=== Dataset records ===
(* Let $C_{drel}>0$ be a constant such that for all $\mathcal{T}\in\mathbb{T}$ and all refinements $\mathcal{T}_*\in\mathbb{T}$ of $\mathcal{T}$, $\|u_{\mathcal{T}_*}-u_{\mathcal{T}}\|^2_{H^1(\Omega)}\le C_{drel}\,\eta^2_{\mathcal{T}}(u_{\mathcal{T}},\mathcal{T}\setminus\mathcal{T}_* )$, and let $\delta>0$, $C_{est}>0$ be constants such that for all such $\mathcal{T},\mathcal{T}_*$, $\eta^2_{\mathcal{T}}(u_{\mathcal{T}},\mathcal{T}\cap\mathcal{T}_* )\le(1+\delta)\eta^2_{\mathcal{T}_*}(u_{\mathcal{T}_*},\mathcal{T}\cap\mathcal{T}_* )+C_{est}\|u_{\mathcal{T}_*}-u_{\mathcal{T}}\|^2_{H^1(\Omega)}$. Let $\theta\in\big(0,1/(1+C_{est}C_{drel})\big)$ and $\lambda:=\big(1-(1+C_{est}C_{drel})\theta\big)/(1+\delta)$. Let $\mathcal{T}\in\mathbb{T}$ and let $\mathcal{T}_*\in\mathbb{T}$ be any refinement of $\mathcal{T}$. If $\eta^2_{\mathcal{T}_*}(u_{\mathcal{T}_*})\le\lambda\,\eta^2_{\mathcal{T}}(u_{\mathcal{T}})$, then \[ \eta^2_{\mathcal{T}}(u_{\mathcal{T}},\mathcal{T}\setminus\mathcal{T}_* )\ge\theta\,\eta^2_{\mathcal{T}}(u_{\mathcal{T}}). \]
   Context: Let $\Omega\subset\mathbb{R}^2$ be a bounded polygonal domain whose boundary $\Gamma$ is the union of three mutually disjoint parts $\Gamma_0,\Gamma_A,\Gamma_C$, each a line segment ($\Gamma_A,\Gamma_C$ of positive length). Let $\sigma\in L^\infty(\Omega)$ with $\sigma_1\le\sigma\le\sigma_2$ a.e. ($0<\sigma_1\le\sigma_2$), $g\in L^2(\Gamma_A)$, and $f$ either $f_1(t)=C_1t+C_2t^3$ or $f_2(t)=C_5(e^{C_3t}-e^{-C_4t})$ with positive constants $C_i$. $\mathcal{T}_0$ is a conforming shape-regular triangulation of $\bar\Omega$ with $\sigma|_K\in W^{1,\infty}(K)$ for $K\in\mathcal{T}_0$; $\mathbb{T}$ is the set of conforming triangulations obtained from $\mathcal{T}_0$ by finitely many newest vertex bisections; a refinement $\mathcal{T}_*$ of $\mathcal{T}$ is obtained from $\mathcal{T}$ by finitely many bisections; $\mathcal{T}\cap\mathcal{T}_*$ is the set of elements in both meshes and $\mathcal{T}\setminus\mathcal{T}_*$ the set of elements of $\mathcal{T}$ not in $\mathcal{T}_*$. Fix $m\ge1$; $V_{\mathcal{T}}=\{v\in H^1(\Omega):v|_K\in P_m(K)\,\forall K\in\mathcal{T}\}$, and $u_{\mathcal{T}}\in V_{\mathcal{T}}$ is the unique solution of $\int_\Omega\sigma\nabla u_{\mathcal{T}}\cdot\nabla v\,dx+\int_{\Gamma_C}f(u_{\mathcal{T}})v\,ds=\int_{\Gamma_A}gv\,ds$ for all $v\in V_{\mathcal{T}}$. Estimator: $h_K=|K|^{1/2}$; for an edge $F$, $n_F$ a fixed unit normal ($=n$, outward, on $\Gamma$). For $v\in V_{\mathcal{T}}$: $R_K(v)=\nabla\cdot(\sigma\nabla v)$ on $K$; $J_F(v)$ = jump of $\sigma\nabla v\cdot n_F$ across interior $F$, $\sigma\nabla v\cdot n$ on $\Gamma_0$, $g-\sigma\nabla v\cdot n$ on $\Gamma_A$, $f(v)+\sigma\nabla v\cdot n$ on $\Gamma_C$. $\eta_{\mathcal{T}}^2(v,K)=h_K^2\|R_K(v)\|^2_{L^2(K)}+\frac12\sum_{F\subset\partial K\text{ interior}}h_K\|J_F(v)\|^2_{L^2(F)}+\sum_{F\subset\partial K\cap\Gamma}h_K\|J_F(v)\|^2_{L^2(F)}$, $\eta^2_{\mathcal{T}}(v,\mathcal{M})=\sum_{K\in\mathcal{M}}\eta^2_{\mathcal{T}}(v,K)$, $\eta_{\mathcal{T}}(v)=\eta_{\mathcal{T}}(v,\mathcal{T})$. *)

theory Defs
  imports Complex_Main
begin

text \<open>A mesh is a finite set of elements of type 'k.
  eta T v K is the local squared indicator eta_T^2(v,K) on the mesh T;
  the squared estimator on a set M of elements is the sum over M.\<close>

definition est2 :: "('m \<Rightarrow> 'v \<Rightarrow> 'k \<Rightarrow> real) \<Rightarrow> 'm \<Rightarrow> 'v \<Rightarrow> 'k set \<Rightarrow> real" where
  "est2 eta T v M = (\<Sum>K\<in>M. eta T v K)"

end

theory Submission
  imports Defs
begin

text \<open>Split the estimator on T into the refined part T - Ts and the kept part T \<inter> Ts.
  On the kept part, estimator equivalence compares with the indicators on Ts (which are
  at most lam times the total estimator on T) plus C_est times the discrete error, and
  discrete reliability bounds that error by C_drel times the refined part. Collecting the
  refined part on one side gives (1 + C_est C_drel) theta times the total at most
  (1 + C_est C_drel) times the refined part.\<close>

lemma est2_split:
  assumes "finite S"
  shows "est2 eta S v S = est2 eta S v (S - M) + est2 eta S v (S \<inter> M)"
proof -
  have "S = (S - M) \<union> (S \<inter> M)" by blast
  then have "sum (eta S v) S = sum (eta S v) ((S - M) \<union> (S \<inter> M))" by simp
  also have "\<dots> = sum (eta S v) (S - M) + sum (eta S v) (S \<inter> M)"
    by (rule sum.union_disjoint) (use assms in auto)
  finally show ?thesis by (simp add: est2_def)
qed

lemma est2_mono:
  assumes "finite N" and "M \<subseteq> N" and "\<And>K. eta S v K \<ge> 0"
  shows "est2 eta S v M \<le> est2 eta S v N"
  unfolding est2_def using assms by (intro sum_mono2) auto

lemma marking_from_reduction:
  fixes A B E c theta :: real
  assumes "E = A + B" and "c > 0"
    and "B \<le> (1 - (1 + c) * theta) * E + c * A"
  shows "theta * E \<le> A"
proof -
  have "(1 + c) * (theta * E) \<le> (1 + c) * A"
    using assms(1,3) by (simp add: algebra_simps)
  then show ?thesis using \<open>c > 0\<close> by simp
qed

theorem lemma6p3:
  fixes Meshes :: "'k set set"
    and refines :: "'k set \<Rightarrow> 'k set \<Rightarrow> bool"
    and u :: "'k set \<Rightarrow> 'v::real_normed_vector"
    and eta :: "'k set \<Rightarrow> 'v \<Rightarrow> 'k \<Rightarrow> real"
    and C_drel C_est delta theta lam :: real
    and T Ts :: "'k set"
  assumes finite_meshes: "\<And>S. S \<in> Meshes \<Longrightarrow> finite S"
    and eta_nonneg: "\<And>S v K. eta S v K \<ge> 0"
    and C_drel_pos: "C_drel > 0"
    and drel: "\<And>S Ss. S \<in> Meshes \<Longrightarrow> Ss \<in> Meshes \<Longrightarrow> refines Ss S \<Longrightarrow>
        (norm (u Ss - u S))\<^sup>2 \<le> C_drel * est2 eta S (u S) (S - Ss)"
    and delta_pos: "delta > 0" and C_est_pos: "C_est > 0"
    and est: "\<And>S Ss. S \<in> Meshes \<Longrightarrow> Ss \<in> Meshes \<Longrightarrow> refines Ss S \<Longrightarrow>
        est2 eta S (u S) (S \<inter> Ss)
          \<le> (1 + delta) * est2 eta Ss (u Ss) (S \<inter> Ss) + C_est * (norm (u Ss - u S))\<^sup>2"
    and theta_pos: "0 < theta" and theta_less: "theta < 1 / (1 + C_est * C_drel)"
    and lam_def: "lam = (1 - (1 + C_est * C_drel) * theta) / (1 + delta)"
    and T_mesh: "T \<in> Meshes" and Ts_mesh: "Ts \<in> Meshes" and refine: "refines Ts T"
    and reduction: "est2 eta Ts (u Ts) Ts \<le> lam * est2 eta T (u T) T"
  shows "est2 eta T (u T) (T - Ts) \<ge> theta * est2 eta T (u T) T"
proof -
  let ?E = "est2 eta T (u T) T" and ?A = "est2 eta T (u T) (T - Ts)"
  let ?err = "(norm (u Ts - u T))\<^sup>2"
  have kept_fine: "est2 eta Ts (u Ts) (T \<inter> Ts) \<le> lam * ?E"
    using est2_mono[of Ts "T \<inter> Ts" eta Ts "u Ts"] finite_meshes[OF Ts_mesh] eta_nonneg
      reduction by auto
  have "(1 + delta) * est2 eta Ts (u Ts) (T \<inter> Ts) \<le> (1 + delta) * (lam * ?E)"
    using kept_fine delta_pos by (simp add: mult_left_mono)
  also have "\<dots> = (1 - (1 + C_est * C_drel) * theta) * ?E"
    using delta_pos by (simp add: lam_def)
  finally have kept: "(1 + delta) * est2 eta Ts (u Ts) (T \<inter> Ts) \<le> (1 - (1 + C_est * C_drel) * theta) * ?E" .
  have "C_est * ?err \<le> C_est * C_drel * ?A"
    using drel[OF T_mesh Ts_mesh refine] C_est_pos by (simp add: mult_left_mono)
  with kept est[OF T_mesh Ts_mesh refine]
  have "est2 eta T (u T) (T \<inter> Ts) \<le> (1 - (1 + C_est * C_drel) * theta) * ?E + C_est * C_drel * ?A"
    by linarith
  then show ?thesis
    using marking_from_reduction est2_split[OF finite_meshes[OF T_mesh]] C_est_pos C_drel_pos
    by (metis mult_pos_pos)
qed

end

=== Work to complete ===
Wherever the string "close" is found in the entries, copy the line it sits in.

=== Answer space ===
  the squared estimator on a set M of elements is the sum over M.\<close>
  (1 + C_est C_drel) times the refined part.\<close>
  then show ?thesis using \<open>c > 0\<close> by simp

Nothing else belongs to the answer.